● ASSIGNMENT
Would you show every line from the records that holds "choose"?

● EXERCISE DATA
lemma two_on_apply: "i \<in> {1..d} \<Longrightarrow> two_on d T i = (if i \<in> T then 2 else 1)"
  unfolding two_on_def by simp

lemma lam_d_two_on:
  assumes "T \<subseteq> {1..d}"
  shows "lam_d lam d (two_on d T) = lam 2 ^ card T * lam 1 ^ (d - card T)"
proof -
  have "lam_d lam d (two_on d T) = (\<Prod>l\<in>{1..d}. if l \<in> T then lam 2 else lam 1)"
    unfolding lam_d_def by (intro prod.cong) (auto simp: two_on_apply)
  also have "\<dots> = (\<Prod>l\<in>T. lam 2) * (\<Prod>l\<in>{1..d} - T. lam 1)"
    using assms by (simp add: prod.If_cases Int_absorb1 Diff_eq)
  finally have "lam_d lam d (two_on d T) = (\<Prod>l\<in>T. lam 2) * (\<Prod>l\<in>{1..d} - T. lam 1)" .
  moreover have "card ({1..d} - T) = d - card T"
    using assms by (simp add: card_Diff_subset finite_subset)
  ultimately show ?thesis by simp
qed

lemma two_on_in_nabla_sym:
  assumes "I d \<subseteq> {1..d}"
    and up: "\<And>i j. i \<in> I d \<Longrightarrow> j \<in> I d \<Longrightarrow> i \<le> j \<Longrightarrow> i \<in> T \<Longrightarrow> j \<in> T"
  shows "two_on d T \<in> nabla_sym I d"
  unfolding nabla_sym_def
proof (intro CollectI conjI ballI impI)
  show "two_on d T \<in> {1..d} \<rightarrow>\<^sub>E {1..}" unfolding two_on_def by (simp add: PiE_iff)
  fix i j assume ij: "i \<in> I d" "j \<in> I d" "i \<le> j"
  then have "i \<in> {1..d}" "j \<in> {1..d}" using assms(1) by auto
  then show "two_on d T i \<le> two_on d T j"
    using up[OF ij] by (auto simp: two_on_apply)
qed

lemma inj_on_two_on: "inj_on (two_on d) (Pow {1..d})"
proof (rule inj_onI)
  fix A B assume A: "A \<in> Pow {1..d}" and B: "B \<in> Pow {1..d}" and eq: "two_on d A = two_on d B"
  have "x \<in> A \<longleftrightarrow> x \<in> B" if "x \<in> {1..d}" for x
  proof -
    have "(if x \<in> A then 2 else 1) = (if x \<in> B then (2::nat) else 1)"
      using fun_cong[OF eq, of x] two_on_apply[OF that] by metis
    then show ?thesis by (cases "x \<in> A"; cases "x \<in> B") auto
  qed
  then show "A = B" using A B by blast
qed

lemma card_le_info_compl_sym:
  assumes E: "eigen_seq lam" and e: "\<epsilon> > 0" and Id: "I d \<subseteq> {1..d}"
    and F: "F \<subseteq> Pow {1..d}"
    and up: "\<And>T i j. T \<in> F \<Longrightarrow> i \<in> I d \<Longrightarrow> j \<in> I d \<Longrightarrow> i \<le> j \<Longrightarrow> i \<in> T \<Longrightarrow> j \<in> T"
    and big: "\<And>T. T \<in> F \<Longrightarrow> \<epsilon>\<^sup>2 < lam 2 ^ card T * lam 1 ^ (d - card T)"
  shows "card F \<le> info_compl_sym lam I \<epsilon> d"
proof -
  have "card F = card (two_on d ` F)"
    using inj_on_subset[OF inj_on_two_on F] by (simp add: card_image)
  also have "\<dots> \<le> card {k \<in> nabla_sym I d. lam_d lam d k > \<epsilon>\<^sup>2}"
  proof (rule card_mono[OF finite_large_eigen_indices[OF E e]], rule image_subsetI)
    fix T assume T: "T \<in> F"
    have TD: "T \<subseteq> {1..d}" using F T by blast
    have "two_on d T \<in> nabla_sym I d"
      by (rule two_on_in_nabla_sym[where I = I and d = d, OF Id]) (rule up[OF T])
    moreover have "\<epsilon>\<^sup>2 < lam_d lam d (two_on d T)"
      using big[OF T] by (simp only: lam_d_two_on[OF TD])
    ultimately show "two_on d T \<in> {k \<in> nabla_sym I d. lam_d lam d k > \<epsilon>\<^sup>2}" by blast
  qed
  finally show ?thesis unfolding info_compl_sym_def .
qed

lemma index_family_subset: "index_family I \<Longrightarrow> 1 \<le> d \<Longrightarrow> I d \<subseteq> {1..d}"
  unfolding index_family_def by auto

lemma card_complement_index_set:
  assumes "index_family I" "1 \<le> d" shows "card ({1..d} - I d) = bdim I d"
  using index_family_subset[OF assms] unfolding bdim_def
  by (simp add: card_Diff_subset finite_subset)

text \<open>Part (i) lower bound: the m-subsets of {1..d} - I d are
  (vacuously) upward closed and have eigenvalue at least min 1 (lam 2) ^ m.\<close>

lemma binomial_bdim_le_info_compl:
  assumes E: "eigen_seq lam" and L1: "lam 1 \<ge> 1" and L2: "lam 2 > 0"
    and IF: "index_family I" and d: "d \<ge> 1" and e: "\<epsilon> > 0"
    and em: "\<epsilon>\<^sup>2 < min 1 (lam 2) ^ m"
  shows "bdim I d choose m \<le> info_compl_sym lam I \<epsilon> d"
proof -
  define F where "F = {J. J \<subseteq> {1..d} - I d \<and> card J = m}"
  have "bdim I d choose m = card F"
    unfolding F_def using n_subsets[of "{1..d} - I d" m] card_complement_index_set[OF IF d]
    by simp
  also have "card F \<le> info_compl_sym lam I \<epsilon> d"
  proof (rule card_le_info_compl_sym[where I = I and d = d, OF E e index_family_subset[OF IF d]])
    show "F \<subseteq> Pow {1..d}" unfolding F_def by blast
  next
    fix J i j assume "J \<in> F" "i \<in> I d" "i \<in> J"
    then show "j \<in> J" unfolding F_def by blast
  next
    fix J assume "J \<in> F"
    then have J: "J \<subseteq> {1..d}" "card J = m" unfolding F_def by auto
    have "\<epsilon>\<^sup>2 < min 1 (lam 2) ^ m" by (rule em)
    also have "\<dots> \<le> lam 2 ^ m" using L2 by (intro power_mono) auto
    also have "\<dots> \<le> lam 2 ^ m * lam 1 ^ (d - m)" using L1 L2 by (simp add: one_le_power)
    finally show "\<epsilon>\<^sup>2 < lam 2 ^ card J * lam 1 ^ (d - card J)" using J by simp
  qed
  finally show ?thesis .
qed

lemma powr_of_power: "0 < (\<delta>::real) \<Longrightarrow> (\<delta> ^ m) powr a = (\<delta> powr a) ^ m"
  by (simp add: powr_power powr_realpow[symmetric] powr_powr mult.commute)

lemma sqrt_half_power_powr:
  fixes \<delta> p :: real
  assumes "0 < \<delta>"
  shows "sqrt (\<delta> ^ m / 2) powr (- p) = 2 powr (p/2) * (\<delta> powr (-p/2)) ^ m"
  using assms by (simp add: powr_half_sqrt[symmetric] powr_powr powr_divide powr_minus_divide
      powr_of_power power_one_over mult.commute)
lemma weak_deriv_0_imp_AE_eq:
  assumes f: "sq_int f" and g: "sq_int g" and w: "weak_deriv 0 f g"
  shows "AE x in lborel. f x = g x"
proof -
  have "AE x in lborel. f x - g x = 0"
  proof (rule test_fun_orthogonal_imp_AE_zero)
    show "loc_integrable (\<lambda>x. f x - g x)"
      by (intro loc_integrable_diff sq_int_loc_integrable f g)
    fix \<phi> assume "test_fun \<phi>"
    then show "(LINT x|lborel. (f x - g x) * \<phi> x) = 0"
      using w unfolding weak_deriv_def by (simp add: left_diff_distrib)
  qed
  then show ?thesis by (rule eventually_mono) simp
qed

lemma sq_int_cong_AE:
  assumes g: "sq_int g" and h: "h \<in> borel_measurable lborel" and ae: "AE x in lborel. g x = h x"
  shows "sq_int h" "(LINT x|lborel. (h x)\<^sup>2) = (LINT x|lborel. (g x)\<^sup>2)"
proof -
  have ae2: "AE x in lborel. (g x)\<^sup>2 = (h x)\<^sup>2" using ae by (rule eventually_mono) simp
  have "integrable lborel (\<lambda>x. (g x)\<^sup>2) = integrable lborel (\<lambda>x. (h x)\<^sup>2)"
    by (rule integrable_cong_AE) (use sq_int_measurable[OF g] h ae2 in auto)
  then show "sq_int h" using g h by (simp add: sq_int_def)
  show "(LINT x|lborel. (h x)\<^sup>2) = (LINT x|lborel. (g x)\<^sup>2)"
    by (rule integral_cong_AE) (use sq_int_measurable[OF g] h ae2 in \<open>auto elim: eventually_mono\<close>)
qed

lemma weak_deriv_cong_AE:
  assumes f: "f \<in> borel_measurable lborel" and f': "f' \<in> borel_measurable lborel"
    and ae: "AE x in lborel. f x = f' x"
  shows "weak_deriv j f g = weak_deriv j f' g"
proof -
  have "integrable lborel (\<lambda>x. f x * (deriv ^^ j) \<phi> x) = integrable lborel (\<lambda>x. f' x * (deriv ^^ j) \<phi> x)
      \<and> (LINT x|lborel. f x * (deriv ^^ j) \<phi> x) = (LINT x|lborel. f' x * (deriv ^^ j) \<phi> x)"
    if t: "test_fun \<phi>" for \<phi>
  proof -
    have "(deriv ^^ j) \<phi> \<in> borel_measurable borel"
      by (rule borel_measurable_continuous_onI[OF test_fun_derivs_continuous[OF t]])
    then have m: "(\<lambda>x. f x * (deriv ^^ j) \<phi> x) \<in> borel_measurable lborel"
      "(\<lambda>x. f' x * (deriv ^^ j) \<phi> x) \<in> borel_measurable lborel"
      using f f' by (auto intro: borel_measurable_times)
    have "AE x in lborel. f x * (deriv ^^ j) \<phi> x = f' x * (deriv ^^ j) \<phi> x"
      using ae by (rule eventually_mono) simp
    then show ?thesis using integrable_cong_AE[OF m] integral_cong_AE[OF m] by simp
  qed
  then show ?thesis unfolding weak_deriv_def by auto
qed

lemma Hk_cong_AE:
  assumes h: "Hk k f" and f': "f' \<in> borel_measurable lborel" and ae: "AE x in lborel. f x = f' x"
  shows "Hk k f'"
  using h sq_int_cong_AE(1)[OF _ f' ae]
    weak_deriv_cong_AE[OF sq_int_measurable f' ae] unfolding Hk_def by auto

lemma Hk_norm_cong_AE:
  assumes "f \<in> borel_measurable lborel" "f' \<in> borel_measurable lborel" "AE x in lborel. f x = f' x"
  shows "Hk_norm k f = Hk_norm k f'"
  unfolding Hk_norm_def weak_deriv_cong_AE[OF assms] ..

lemma sq_int_lin:
  assumes f: "sq_int f" and g: "sq_int g"
  shows "sq_int (\<lambda>x. a * f x + b * g x)"
proof -
  have fm [measurable]: "f \<in> borel_measurable lborel" by (rule sq_int_measurable[OF f])
  have gm [measurable]: "g \<in> borel_measurable lborel" by (rule sq_int_measurable[OF g])
  have "integrable lborel (\<lambda>x. 2 * a\<^sup>2 * (f x)\<^sup>2 + 2 * b\<^sup>2 * (g x)\<^sup>2)"
    using f g unfolding sq_int_def by (intro Bochner_Integration.integrable_add integrable_mult_right) auto
  then have "integrable lborel (\<lambda>x. (a * f x + b * g x)\<^sup>2)"
  proof (rule Bochner_Integration.integrable_bound)
    have "(a * f x + b * g x)\<^sup>2 \<le> 2 * a\<^sup>2 * (f x)\<^sup>2 + 2 * b\<^sup>2 * (g x)\<^sup>2" for x
      using zero_le_power2[of "a * f x - b * g x"] by (simp add: power2_eq_square algebra_simps)
    then show "AE x in lborel. norm ((a * f x + b * g x)\<^sup>2) \<le> norm (2 * a\<^sup>2 * (f x)\<^sup>2 + 2 * b\<^sup>2 * (g x)\<^sup>2)"
      by simp
  qed measurable
  moreover have "(\<lambda>x. a * f x + b * g x) \<in> borel_measurable lborel" by measurable
  ultimately show ?thesis unfolding sq_int_def by simp
qed

lemma weak_deriv_lin:
  assumes p: "weak_deriv j f p" and q: "weak_deriv j g q"
  shows "weak_deriv j (\<lambda>x. a * f x + b * g x) (\<lambda>x. a * p x + b * q x)"
  unfolding weak_deriv_def
proof (intro allI impI)
  fix \<phi> assume "test_fun \<phi>"
  then have "integrable lborel (\<lambda>x. f x * (deriv ^^ j) \<phi> x)" "integrable lborel (\<lambda>x. p x * \<phi> x)"
    "integrable lborel (\<lambda>x. g x * (deriv ^^ j) \<phi> x)" "integrable lborel (\<lambda>x. q x * \<phi> x)"
    "(LINT x|lborel. f x * (deriv ^^ j) \<phi> x) = (-1)^j * (LINT x|lborel. p x * \<phi> x)"
    "(LINT x|lborel. g x * (deriv ^^ j) \<phi> x) = (-1)^j * (LINT x|lborel. q x * \<phi> x)"
    using p q unfolding weak_deriv_def by auto
  then show "integrable lborel (\<lambda>x. (a * f x + b * g x) * (deriv ^^ j) \<phi> x) \<and>
    integrable lborel (\<lambda>x. (a * p x + b * q x) * \<phi> x) \<and>
    (LINT x|lborel. (a * f x + b * g x) * (deriv ^^ j) \<phi> x) = (-1)^j * (LINT x|lborel. (a * p x + b * q x) * \<phi> x)"
    by (simp add: distrib_right mult.assoc algebra_simps)
qed

lemma Hk_lin:
  assumes f: "Hk k f" and g: "Hk k g"
  shows "Hk k (\<lambda>x. a * f x + b * g x)"
  unfolding Hk_def
proof (intro conjI allI impI)
  show "sq_int (\<lambda>x. a * f x + b * g x)" using f g by (intro sq_int_lin) (auto simp: Hk_def)
  fix j assume j: "j \<le> k"
  obtain p where p: "sq_int p" "weak_deriv j f p" using f j unfolding Hk_def by blast
  obtain q where q: "sq_int q" "weak_deriv j g q" using g j unfolding Hk_def by blast
  show "\<exists>r. sq_int r \<and> weak_deriv j (\<lambda>x. a * f x + b * g x) r"
    using sq_int_lin[OF p(1) q(1)] weak_deriv_lin[OF p(2) q(2)] by blast
qed

lemma abs_le_half_plus_square: "0 < l \<Longrightarrow> \<bar>a::real\<bar> \<le> l / 2 + a\<^sup>2 / (2 * l)"
  using zero_le_power2[of "\<bar>a\<bar> - l"]
  by (simp add: field_simps power2_eq_square algebra_simps abs_mult_self_eq)

lemma integral_abs_Icc_le:
  assumes F: "sq_int F" and l: "0 < l"
  shows "(LINT y|lborel. \<bar>F y\<bar> * indicator {a..a+1} y) \<le> l / 2 + (LINT y|lborel. (F y)\<^sup>2) / (2 * l)"
proof -
  have i2: "integrable lborel (\<lambda>y. (F y)\<^sup>2)" using F by (simp add: sq_int_def)
  have "(LINT y|lborel. \<bar>F y\<bar> * indicator {a..a+1} y)
      \<le> (LINT y|lborel. l / 2 * indicator {a..a+1} y + (F y)\<^sup>2 / (2 * l))"
    using abs_le_half_plus_square[OF l, of "F _"] l
    by (intro integral_mono loc_integrable_abs_indicator sq_int_loc_integrable F
        Bochner_Integration.integrable_add integrable_mult_right integrable_divide i2 integrable_indicator_Icc)
      (auto split: split_indicator)
  also have "\<dots> = l / 2 + (LINT y|lborel. (F y)\<^sup>2) / (2 * l)"
    using i2 by (simp add: integrable_mult_right)
  finally show ?thesis .
qed

lemma abs_le_local_integrals_if_primitive:
  assumes F: "loc_integrable F" and G: "loc_integrable G" and rel: "\<And>x. F x = c + primitive G x"
  shows "\<bar>F x\<bar> \<le> (LINT y|lborel. \<bar>F y\<bar> * indicator {x..x+1} y) + (LINT y|lborel. \<bar>G y\<bar> * indicator {x..x+1} y)"
proof -
  define C where "C = (LINT z|lborel. \<bar>G z\<bar> * indicator {x..x+1} z)"
  have "\<bar>F x\<bar> \<le> \<bar>F y\<bar> + C" if y: "y \<in> {x..x+1}" for y
  proof -
    have "\<bar>primitive G y - primitive G x\<bar> \<le> (LINT z|lborel. \<bar>G z\<bar> * indicator {x..y} z)"
      using y by (intro primitive_diff_bound[OF G]) auto
    also have "\<dots> \<le> C" unfolding C_def
      using y by (intro integral_mono loc_integrable_abs_indicator[OF G]) (auto split: split_indicator)
    finally show ?thesis using rel[of x] rel[of y] by linarith
  qed
  then have "(LINT y|lborel. \<bar>F x\<bar> * indicator {x..x+1} y)
      \<le> (LINT y|lborel. \<bar>F y\<bar> * indicator {x..x+1} y + C * indicator {x..x+1} y)"
    by (intro integral_mono Bochner_Integration.integrable_add integrable_mult_right
        integrable_indicator_Icc loc_integrable_abs_indicator[OF F]) (auto split: split_indicator)
  then show ?thesis
    using loc_integrable_abs_indicator[OF F, of x "x+1"] by (simp add: C_def)
qed

text \<open>The one-dimensional Sobolev inequality, with the free parameter \<open>l\<close> of an AM-GM estimate.\<close>

lemma abs_le_if_primitive_square_integrable:
  assumes F: "sq_int F" and G: "sq_int G" and rel: "\<And>x. F x = c + primitive G x" and l: "0 < l"
  shows "\<bar>F x\<bar> \<le> l + ((LINT z|lborel. (F z)\<^sup>2) + (LINT z|lborel. (G z)\<^sup>2)) / l"
proof -
  have nn: "0 \<le> (LINT z|lborel. (F z)\<^sup>2)" "0 \<le> (LINT z|lborel. (G z)\<^sup>2)"
    by (auto intro!: integral_nonneg_AE)
  have "\<bar>F x\<bar> \<le> (l / 2 + (LINT y|lborel. (F y)\<^sup>2) / (2 * l)) + (l / 2 + (LINT y|lborel. (G y)\<^sup>2) / (2 * l))"
    using abs_le_local_integrals_if_primitive[OF sq_int_loc_integrable[OF F] sq_int_loc_integrable[OF G] rel, of x]
      integral_abs_Icc_le[OF F l, of x] integral_abs_Icc_le[OF G l, of x]
    by linarith
  also have "\<dots> \<le> l + ((LINT z|lborel. (F z)\<^sup>2) + (LINT z|lborel. (G z)\<^sup>2)) / l"
    using nn l by (simp add: field_simps)
  finally show ?thesis .
qed

lemma Hk_continuous_representatives:
  assumes h: "Hk (Suc m) f"
  obtains H where "\<And>j. j \<le> m \<Longrightarrow> AE x in lborel. H j x = wderiv j f x"
    and "\<And>j. j \<le> m \<Longrightarrow> \<exists>c. \<forall>x. H j x = c + primitive (wderiv (Suc j) f) x"
    and "\<And>j x. j < m \<Longrightarrow> (H j has_real_derivative H (Suc j) x) (at x)"
proof -
  have li: "loc_integrable (wderiv j f)" if "j \<le> Suc m" for j
    using Hk_wderiv[OF h that] by (simp add: sq_int_loc_integrable)
  have "\<exists>c. AE x in lborel. wderiv j f x = c + primitive (wderiv (Suc j) f) x" if j: "j \<le> m" for j
    using j Hk_wderiv[OF h, of j] Hk_wderiv[OF h, of "Suc j"]
    by (metis weak_deriv1_imp_AE_eq_primitive weak_deriv_Suc_imp_weak_deriv1 li le_SucI Suc_le_mono)
  then obtain c where c: "\<And>j. j \<le> m \<Longrightarrow> AE x in lborel. wderiv j f x = c j + primitive (wderiv (Suc j) f) x"
    by metis
  define H where "H j x = c j + primitive (wderiv (Suc j) f) x" for j x
  have ae: "AE x in lborel. H j x = wderiv j f x" if "j \<le> m" for j
    using c[OF that] by (auto simp: H_def elim: eventually_mono)
  have cont: "continuous_on UNIV (H j)" if "j \<le> m" for j
    unfolding H_def using li[of "Suc j"] that by (intro continuous_intros continuous_primitive) auto
  have d: "(H j has_real_derivative H (Suc j) x) (at x)" if j: "j < m" for j x
  proof -
    have "primitive (wderiv (Suc j) f) = primitive (H (Suc j))"
    proof (rule primitive_cong_AE)
      show "loc_integrable (wderiv (Suc j) f)" using j li by simp
      show "loc_integrable (H (Suc j))" using j cont by (intro loc_integrable_continuous) simp
      show "AE x in lborel. wderiv (Suc j) f x = H (Suc j) x"
        using j ae[of "Suc j"] by (auto elim: eventually_mono)
    qed
    then have "H j = (\<lambda>x. c j + primitive (H (Suc j)) x)" by (simp add: H_def[of j] fun_eq_iff)
    moreover have "((\<lambda>x. c j + primitive (H (Suc j)) x) has_real_derivative H (Suc j) x) (at x)"
      using has_real_derivative_primitive[OF cont, of "Suc j" x] j by (auto intro!: derivative_eq_intros)
    ultimately show ?thesis by simp
  qed
  show ?thesis
  proof (rule that[of H])
    show "\<exists>c. \<forall>x. H j x = c + primitive (wderiv (Suc j) f) x" for j by (auto simp: H_def)
  qed (use ae d in auto)
qed

definition classical_derivs :: "nat \<Rightarrow> (real \<Rightarrow> real) \<Rightarrow> bool" where
  "classical_derivs m f \<longleftrightarrow>
     (\<forall>j x. j < m \<longrightarrow> ((deriv ^^ j) f has_real_derivative (deriv ^^ Suc j) f x) (at x))"

lemma deriv_funpow_lin:
  assumes f: "classical_derivs m f" and g: "classical_derivs m g" and j: "j \<le> m"
  shows "(deriv ^^ j) (\<lambda>x. a * f x + b * g x) = (\<lambda>x. a * (deriv ^^ j) f x + b * (deriv ^^ j) g x)"
  using j
proof (induction j)
  case (Suc j)
  have "((\<lambda>x. a * (deriv ^^ j) f x + b * (deriv ^^ j) g x) has_real_derivative
      a * (deriv ^^ Suc j) f x + b * (deriv ^^ Suc j) g x) (at x)" for x
    using f g Suc.prems unfolding classical_derivs_def by (intro DERIV_add DERIV_cmult) auto
  then have "deriv (\<lambda>x. a * (deriv ^^ j) f x + b * (deriv ^^ j) g x)
      = (\<lambda>x. a * (deriv ^^ Suc j) f x + b * (deriv ^^ Suc j) g x)"
    by (rule deriv_eqI)
  with Suc show ?case by simp
qed simp

lemma classical_derivs_lin:
  assumes f: "classical_derivs m f" and g: "classical_derivs m g"
  shows "classical_derivs m (\<lambda>x. a * f x + b * g x)"
  unfolding classical_derivs_def
proof (intro allI impI)
  fix j x assume j: "j < m"
  have "((\<lambda>x. a * (deriv ^^ j) f x + b * (deriv ^^ j) g x) has_real_derivative
      a * (deriv ^^ Suc j) f x + b * (deriv ^^ Suc j) g x) (at x)"
    using f g j unfolding classical_derivs_def by (intro DERIV_add DERIV_cmult) auto
  then show "((deriv ^^ j) (\<lambda>x. a * f x + b * g x) has_real_derivative
      (deriv ^^ Suc j) (\<lambda>x. a * f x + b * g x) x) (at x)"
    unfolding deriv_funpow_lin[OF f g less_imp_le[OF j]] deriv_funpow_lin[OF f g Suc_leI[OF j]] .
qed

lemma deriv_funpow_diff:
  assumes "classical_derivs m f" "classical_derivs m g" "j \<le> m"
  shows "(deriv ^^ j) (\<lambda>x. f x - g x) = (\<lambda>x. (deriv ^^ j) f x - (deriv ^^ j) g x)"
  using deriv_funpow_lin[OF assms, of 1 "-1"] by simp

lemma classical_derivs_diff:
  "classical_derivs m f \<Longrightarrow> classical_derivs m g \<Longrightarrow> classical_derivs m (\<lambda>x. f x - g x)"
  using classical_derivs_lin[of m f g 1 "-1"] by simp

● OUTPUT OF THE EXERCISE
  shows "bdim I d choose m \<le> info_compl_sym lam I \<epsilon> d"
  have "bdim I d choose m = card F"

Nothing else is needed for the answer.